Что тут первично и что вторично?
Повторяющийся образ в сознании тех, кто вернулся оттуда, из состояния клинической смерти: свет в конце тоннеля, связывающий этот и тот мир?
Или рожденное этой сатанинской выдумкой двадцатого века — метро — чувство утягивания, пусть безотчетное, подсознательное, на тот свет до очередного света в конце тоннеля — перрона, возвращающего в привычный мир и суету?
Удушливое ощущение в этих тоннелях рождает судорожное желание скорее добраться до очередного перрона с его толкотней и суетой.
Но все вернувшиеся из потемок клинической смерти говорят лишь о радости, охватывающий их в том тоннеле, по пути на тот свет.
В последние дни Кон обнаружил неплохой способ укрыться от шумной суеты дня — то в храме, то в подземельях метро. Наверху, вероятно, уже смеркается и, спохватившись, Майз на одной из станций уходит вверх, в надземный мир, а Кон пересаживается в направлении Остии.
Поезд на Париж — завтра. В семь вечера.
Кон внезапно, как приходят в себя, видит себя в стекле вагона, странное бледное существо, выступающее из сумрака в желтом свете вагонных плафонов, который раз пересчитывающее деньги, похожее на щуплого русского еврея первых римских дней, сидевшего в таком же вагоне напротив Кона и без конца пересчитывающего и перекладывающего скудные доллары и лиретты, и хотя сумма в руках Кона довольно внушительна и, кажется, он осторожно, с большими сомнениями, готов поверить в будущий успех, лицо его светится все так же униженно грустно, все так же беженски просительно, как у того, сидевшего напротив, забытым жестом провинциального щеголя приглаживавшего свои редкие прилизанные волосы.
На вокзале в Остии Кон покупает бутылку коньяка и всякие колбасы.

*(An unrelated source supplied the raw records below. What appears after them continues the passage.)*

lemma restricted_update_relabel:
  assumes "\<forall>x\<in>S. c' x = h (c x)" "\<sigma> \<in> S"
  shows "restricted_update S c' \<sigma> = relabel h (restricted_update S c \<sigma>)"
proof -
  have "boundary_col c' \<sigma> = map h (boundary_col c \<sigma>)"
    using assms by (rule boundary_col_relabel)
  moreover have "ups S c' \<sigma> = map (image_mset (map_prod h h)) (ups S c \<sigma>)"
    using assms(1) by (rule ups_relabel)
  ultimately show ?thesis
    using assms by (simp add: restricted_update_def)
qed

lemma generalised_update_relabel:
  assumes "\<forall>x\<in>S. c' x = h (c x)" "\<sigma> \<in> S"
  shows "generalised_update S c' \<sigma> = relabel h (generalised_update S c \<sigma>)"
proof -
  have "boundary_col c' \<sigma> = map h (boundary_col c \<sigma>)"
    using assms by (rule boundary_col_relabel)
  moreover have "coboundary_col S c' \<sigma> = image_mset h (coboundary_col S c \<sigma>)"
    using assms(1) by (rule coboundary_col_relabel)
  moreover have "downs S c' \<sigma> = map (image_mset (map_prod h h)) (downs S c \<sigma>)"
    using assms(1) by (rule downs_relabel)
  moreover have "ups S c' \<sigma> = map (image_mset (map_prod h h)) (ups S c \<sigma>)"
    using assms(1) by (rule ups_relabel)
  ultimately show ?thesis
    using assms by (simp add: generalised_update_def)
qed

lemma restricted_update_from_generalised:
  assumes "\<forall>x\<in>S. c' x = g (c x)" "\<sigma> \<in> S"
  shows "restricted_update S c' \<sigma> = restricted_of_generalised g (generalised_update S c \<sigma>)"
proof -
  have "boundary_col c' \<sigma> = map g (boundary_col c \<sigma>)"
    using assms by (rule boundary_col_relabel)
  moreover have "ups S c' \<sigma> = map (image_mset (map_prod g g)) (ups S c \<sigma>)"
    using assms(1) by (rule ups_relabel)
  ultimately show ?thesis
    using assms by (simp add: restricted_update_def generalised_update_def)
qed

lemma up_col_snd_eq_cofaces:
  assumes "\<sigma> \<in> S"
  shows "image_mset snd (up_col S c \<sigma> i 0) = image_mset c (mset_set (cofaces S i \<sigma>))"
proof -
  let ?A = "{(\<tau>, \<kappa>). \<tau> \<in> S \<and> \<kappa> \<in> S \<and> length \<tau> = length \<sigma> \<and>
                      length \<kappa> = Suc (length \<sigma>) \<and> face i \<kappa> = \<sigma> \<and> face 0 \<kappa> = \<tau>}"
  have "face 0 \<kappa> \<in> S \<and> length (face 0 \<kappa>) = length \<sigma>" if "\<kappa> \<in> cofaces S i \<sigma>" for \<kappa>
  proof -
    have "2 \<le> length \<kappa>" using that dsc_nonempty[OF assms] by (cases \<sigma>) (auto simp: cofaces_def)
    then show ?thesis using that dsc_face length_face[of 0 \<kappa>] by (auto simp: cofaces_def)
  qed
  then have "?A = (\<lambda>\<kappa>. (face 0 \<kappa>, \<kappa>)) ` cofaces S i \<sigma>"
    by (auto simp: cofaces_def image_iff)
  moreover have "inj_on (\<lambda>\<kappa>. (face 0 \<kappa>, \<kappa>)) (cofaces S i \<sigma>)"
    by (rule inj_onI) simp
  ultimately have "mset_set ?A = image_mset (\<lambda>\<kappa>. (face 0 \<kappa>, \<kappa>)) (mset_set (cofaces S i \<sigma>))"
    by (simp add: image_mset_mset_set)
  then show ?thesis
    unfolding up_col_def by (simp add: image_mset.compositionality comp_def)
qed

lemma down_col_eq_cofaces:
  assumes "\<sigma> \<in> S" "2 \<le> length \<sigma>" "i < length \<sigma>"
  shows "down_col S c \<sigma> i j =
    image_mset (\<lambda>\<tau>. (c \<tau>, c (face i \<sigma>))) (mset_set (cofaces S j (face i \<sigma>)))"
proof -
  let ?\<kappa> = "face i \<sigma>"
  let ?A = "{(\<tau>, \<kappa>). \<tau> \<in> S \<and> \<kappa> \<in> S \<and> length \<tau> = length \<sigma> \<and> face i \<sigma> = \<kappa> \<and> face j \<tau> = \<kappa>}"
  have "?\<kappa> \<in> S" "Suc (length ?\<kappa>) = length \<sigma>"
    using dsc_face[OF assms] length_face[OF assms(3)] assms(2) by auto
  then have "?A = (\<lambda>\<tau>. (\<tau>, ?\<kappa>)) ` cofaces S j ?\<kappa>"
    by (auto simp: cofaces_def)
  moreover have "inj_on (\<lambda>\<tau>. (\<tau>, ?\<kappa>)) (cofaces S j ?\<kappa>)"
    by (rule inj_onI) simp
  ultimately have "mset_set ?A = image_mset (\<lambda>\<tau>. (\<tau>, ?\<kappa>)) (mset_set (cofaces S j ?\<kappa>))"
    by (simp add: image_mset_mset_set)
  then show ?thesis
    unfolding down_col_def by (simp add: image_mset.compositionality comp_def)
qed

lemma down_col_vertex:
  assumes "length \<sigma> = 1" "i < length \<sigma>"
  shows "down_col S c \<sigma> i j = {#}"
proof -
  have "face i \<sigma> = []" using assms length_face[of i \<sigma>] by simp
  then have no_pairs: "{(\<tau>, \<kappa>). \<tau> \<in> S \<and> \<kappa> \<in> S \<and> length \<tau> = length \<sigma> \<and> face i \<sigma> = \<kappa> \<and> face j \<tau> = \<kappa>} = {}"
    using dsc_nonempty by blast
  show ?thesis
    unfolding down_col_def no_pairs by simp
qed

lemma coboundary_col_eq_coboundary_of_ups:
  assumes "\<sigma> \<in> S"
  shows "coboundary_col S c \<sigma> = coboundary_of_ups (Suc (length \<sigma>)) (ups S c \<sigma>)"
proof -
  have "image_mset snd (ups S c \<sigma> ! (i * Suc (length \<sigma>))) = image_mset c (mset_set (cofaces S i \<sigma>))"
    if "i < Suc (length \<sigma>)" for i
    using nth_ups[of i \<sigma> 0] that up_col_snd_eq_cofaces[OF assms] by simp
  then show ?thesis
    unfolding coboundary_col_cofaces coboundary_of_ups_def lessThan_Suc_atMost atLeast0AtMost[symmetric]
    by (intro sum.cong) auto
qed

lemma downs_eq_downs_of_boundary:
  assumes "\<sigma> \<in> S"
  shows "downs S c \<sigma> = downs_of_boundary (boundary_col (restricted_update S c) \<sigma>)"
proof -
  let ?b = "boundary_col (restricted_update S c) \<sigma>"
  have "down_col S c \<sigma> i j = (if length \<sigma> = 1 then {#} else
      image_mset (\<lambda>p. (snd p, prev_colour (?b ! i))) (up_part (?b ! i) ! (j * length \<sigma>)))"
    if ij: "i < length \<sigma>" "j < length \<sigma>" for i j
  proof (cases "length \<sigma> = 1")
    case True
    then show ?thesis using down_col_vertex ij(1) by simp
  next
    case False
    then have len: "2 \<le> length \<sigma>" using ij by linarith
    let ?\<kappa> = "face i \<sigma>"
    have \<kappa>: "?\<kappa> \<in> S" "Suc (length ?\<kappa>) = length \<sigma>"
      using dsc_face[OF assms len ij(1)] length_face[OF ij(1)] len by auto
    have "?b ! i = restricted_update S c ?\<kappa>"
      using len ij unfolding boundary_col_def by simp
    moreover have "ups S c ?\<kappa> ! (j * length \<sigma>) = up_col S c ?\<kappa> j 0"
      using nth_ups[of j ?\<kappa> 0] \<kappa>(2) ij(2) by simp
    ultimately have "image_mset (\<lambda>p. (snd p, prev_colour (?b ! i))) (up_part (?b ! i) ! (j * length \<sigma>))
        = image_mset (\<lambda>a. (a, c ?\<kappa>)) (image_mset snd (up_col S c ?\<kappa> j 0))"
      by (simp add: restricted_update_def image_mset.compositionality comp_def)
    also have "\<dots> = down_col S c \<sigma> i j"
      unfolding up_col_snd_eq_cofaces[OF \<kappa>(1)] down_col_eq_cofaces[OF assms len ij(1)]
      by (simp add: image_mset.compositionality comp_def)
    finally show ?thesis
      using False by simp
  qed
  moreover have "length_of_boundary ?b = length \<sigma>"
    using length_of_boundary_col dsc_nonempty[OF assms] by blast
  ultimately show ?thesis
    unfolding downs_def downs_of_boundary_def Let_def by (auto intro!: arg_cong[where f=concat] map_cong)
qed

lemma generalised_update_from_restricted:
  assumes "\<forall>x\<in>S. c' x = g (c x)" "\<sigma> \<in> S"
  shows "generalised_update S c' \<sigma> =
    generalised_of_restricted g (restricted_update S (restricted_update S c) \<sigma>)"
proof -
  let ?c1 = "restricted_update S c" and ?h = "g \<circ> prev_colour"
  have c': "\<forall>x\<in>S. c' x = ?h (?c1 x)"
    using assms(1) by simp
  have "boundary_col c' \<sigma> = map ?h (boundary_col ?c1 \<sigma>)"
    using c' assms(2) by (rule boundary_col_relabel)
  moreover have "coboundary_col S c' \<sigma> = image_mset ?h (coboundary_col S ?c1 \<sigma>)"
    using c' by (rule coboundary_col_relabel)
  moreover have "downs S c' \<sigma> = map (image_mset (map_prod g g)) (downs S c \<sigma>)"
    using assms(1) by (rule downs_relabel)
  moreover have "ups S c' \<sigma> = map (image_mset (map_prod ?h ?h)) (ups S ?c1 \<sigma>)"
    using c' by (rule ups_relabel)
  moreover have "length_of_boundary (boundary_col ?c1 \<sigma>) = length \<sigma>"
    using length_of_boundary_col dsc_nonempty[OF assms(2)] by blast
  ultimately show ?thesis
    using c' assms(2) coboundary_col_eq_coboundary_of_ups[OF assms(2)] downs_eq_downs_of_boundary[OF assms(2)]
    by (simp add: restricted_update_def generalised_update_def Let_def)
qed

end

section \<open>Joint determination and stabilisation\<close>

definition determined_by :: "('x set \<Rightarrow> 'x \<Rightarrow> 'a) \<Rightarrow> ('x set \<Rightarrow> 'x \<Rightarrow> 'b) \<Rightarrow> 'x set \<Rightarrow> 'x set \<Rightarrow> bool" where
  "determined_by A B S1 S2 \<longleftrightarrow> (\<exists>g. (\<forall>\<sigma>\<in>S1. A S1 \<sigma> = g (B S1 \<sigma>)) \<and> (\<forall>\<sigma>\<in>S2. A S2 \<sigma> = g (B S2 \<sigma>)))"

lemma determined_by_refl: "determined_by A A S1 S2"
  unfolding determined_by_def by (rule exI[of _ id]) simp

lemma determined_by_trans:
  assumes "determined_by A B S1 S2" "determined_by B C S1 S2"
  shows "determined_by A C S1 S2"
proof -
  obtain g where "\<forall>\<sigma>\<in>S1. A S1 \<sigma> = g (B S1 \<sigma>)" "\<forall>\<sigma>\<in>S2. A S2 \<sigma> = g (B S2 \<sigma>)"
    using assms(1) unfolding determined_by_def by blast
  moreover obtain g' where "\<forall>\<sigma>\<in>S1. B S1 \<sigma> = g' (C S1 \<sigma>)" "\<forall>\<sigma>\<in>S2. B S2 \<sigma> = g' (C S2 \<sigma>)"
    using assms(2) unfolding determined_by_def by blast
  ultimately show ?thesis
    unfolding determined_by_def by (intro exI[of _ "g \<circ> g'"]) simp
qed

lemma determined_by_lift:
  assumes "determined_by A B S1 S2"
    and "\<And>S g. S \<in> {S1, S2} \<Longrightarrow> \<forall>\<sigma>\<in>S. A S \<sigma> = g (B S \<sigma>) \<Longrightarrow> \<forall>\<sigma>\<in>S. A' S \<sigma> = L g (B' S \<sigma>)"
  shows "determined_by A' B' S1 S2"
proof -
  obtain g where "\<forall>\<sigma>\<in>S1. A S1 \<sigma> = g (B S1 \<sigma>)" "\<forall>\<sigma>\<in>S2. A S2 \<sigma> = g (B S2 \<sigma>)"
    using assms(1) unfolding determined_by_def by blast
  then have "\<forall>\<sigma>\<in>S1. A' S1 \<sigma> = L g (B' S1 \<sigma>)" "\<forall>\<sigma>\<in>S2. A' S2 \<sigma> = L g (B' S2 \<sigma>)"
    using assms(2)[of S1 g] assms(2)[of S2 g] by simp_all
  then show ?thesis
    unfolding determined_by_def by blast
qed

lemma determined_by_image_mset_eq:
  assumes "determined_by A B S1 S2"
    and "image_mset (B S1) (mset_set S1) = image_mset (B S2) (mset_set S2)"
  shows "image_mset (A S1) (mset_set S1) = image_mset (A S2) (mset_set S2)"
proof -
  obtain g where g: "\<forall>\<sigma>\<in>S1. A S1 \<sigma> = g (B S1 \<sigma>)" "\<forall>\<sigma>\<in>S2. A S2 \<sigma> = g (B S2 \<sigma>)"
    using assms(1) unfolding determined_by_def by blast
  have "image_mset (A S1) (mset_set S1) = image_mset g (image_mset (B S1) (mset_set S1))"
    using g(1) by (rule image_mset_mset_set_relabel)
  also have "\<dots> = image_mset g (image_mset (B S2) (mset_set S2))"
    using assms(2) by simp
  also have "\<dots> = image_mset (A S2) (mset_set S2)"
    using g(2) by (rule image_mset_mset_set_relabel[symmetric])
  finally show ?thesis .
qed

lemma ex_factorisation_iff:
  "(\<exists>g. \<forall>x\<in>J. f x = g (k x)) \<longleftrightarrow> (\<forall>x\<in>J. \<forall>y\<in>J. k x = k y \<longrightarrow> f x = f y)"
proof
  assume "\<forall>x\<in>J. \<forall>y\<in>J. k x = k y \<longrightarrow> f x = f y"
  then have "\<forall>x\<in>J. f x = f (SOME y. y \<in> J \<and> k y = k x)"
    by (metis (mono_tags, lifting) someI)
  then show "\<exists>g. \<forall>x\<in>J. f x = g (k x)"
    by (intro exI[of _ "\<lambda>v. f (SOME y. y \<in> J \<and> k y = v)"])
qed auto

lemma determined_by_iff_jcol:
  "determined_by (\<lambda>S. F S t) (\<lambda>S. F S s) S1 S2 \<longleftrightarrow>
    (\<forall>x\<in>jdom S1 S2. \<forall>y\<in>jdom S1 S2. jcol F S1 S2 s x = jcol F S1 S2 s y \<longrightarrow> jcol F S1 S2 t x = jcol F S1 S2 t y)"
proof -
  have "determined_by (\<lambda>S. F S t) (\<lambda>S. F S s) S1 S2 \<longleftrightarrow>
      (\<exists>g. \<forall>x\<in>jdom S1 S2. jcol F S1 S2 t x = g (jcol F S1 S2 s x))"
    unfolding determined_by_def jdom_def jcol_def by (simp add: ball_Un)
  then show ?thesis
    by (simp only: ex_factorisation_iff)
qed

В ранних сумерках высыпали в своих допотопных пальто, расселись на своих позициях ноздреватые старухи, сторожевые псы эмиграции. На пятачке торговое оживление, много свежих, незнакомых лиц, только, вероятно, с дороги; новое поколение эмигрантов: которое уже по счету даже за короткий срок пребывания здесь, в Остии, Кона, а в квартире безлюдье, пустота, никто так и не вселился в комнаты музыкальной семейки, один Мойше Ицкович Двускин, совсем усохший от ожидания, совсем запылившийся партийный старичок-паучок, истинная жертва режима, которому он служил верой и правдой, прикорнув в уголке, уже Бог весть какое поколение эмигрантов дожидается, пока президент Штатов, этакая акула империализма, пустит его к сыночку.
До чего опустился Кон: первый свой успех обмывает с Двускиным, бывшим членом военного трибунала, несомненно, патентованным мерзавцем, который под влиянием выпивки, забывшись, опять начинает излагать палаческое свое житие, опять от отчаянного своего одиночества жаждет леденящими кровь байками купить внимание Кона.
И ты, Кон, пес этакий, не лучше: самым бессовестным образом расхвастался своими успехами, пока не услышал со стороны свое сладкоречивое воркование.
— А вы жук, — умильно оплывает Мойше Ицкович: такое блаженство он, вероятно, испытывал в те мгновения, когда жертва его раскалывалась, — а вы жук. Вишь, как пристроились. Не зря, выходит, все время были в бегах, а? И сколько же вы, позвольте узнать, загребли?
— Ну, ни в какое сравнение с награбленным вами, коммунистами всех стран, — вот и Кон испытывает, пусть мелкое, но все же блаженство, — что же вы, Мойше Ицкович, кончился порох в пороховницах, а? Сели бы да накатали на меня телегу о том, что оскорбляю итальянских коммунистов, ну, к примеру, товарищу Тольятти.
— Так он же помер.
— Да что вы? И не знал. Так ведь, дедушка, гляди, и все ваше дело справедливое помрет.
Мойше Ицкович обижен, встает, уползает в свою конуру, предварительно прихватив пару ломтей колбасы.
Дожевать или доживать?
От выпитого приятно шумит в голове, и Кон так легко проваливается — опять же тоннелем — на дно сна.
А там они — дед, бабка, мать, отец. Занимаются делом.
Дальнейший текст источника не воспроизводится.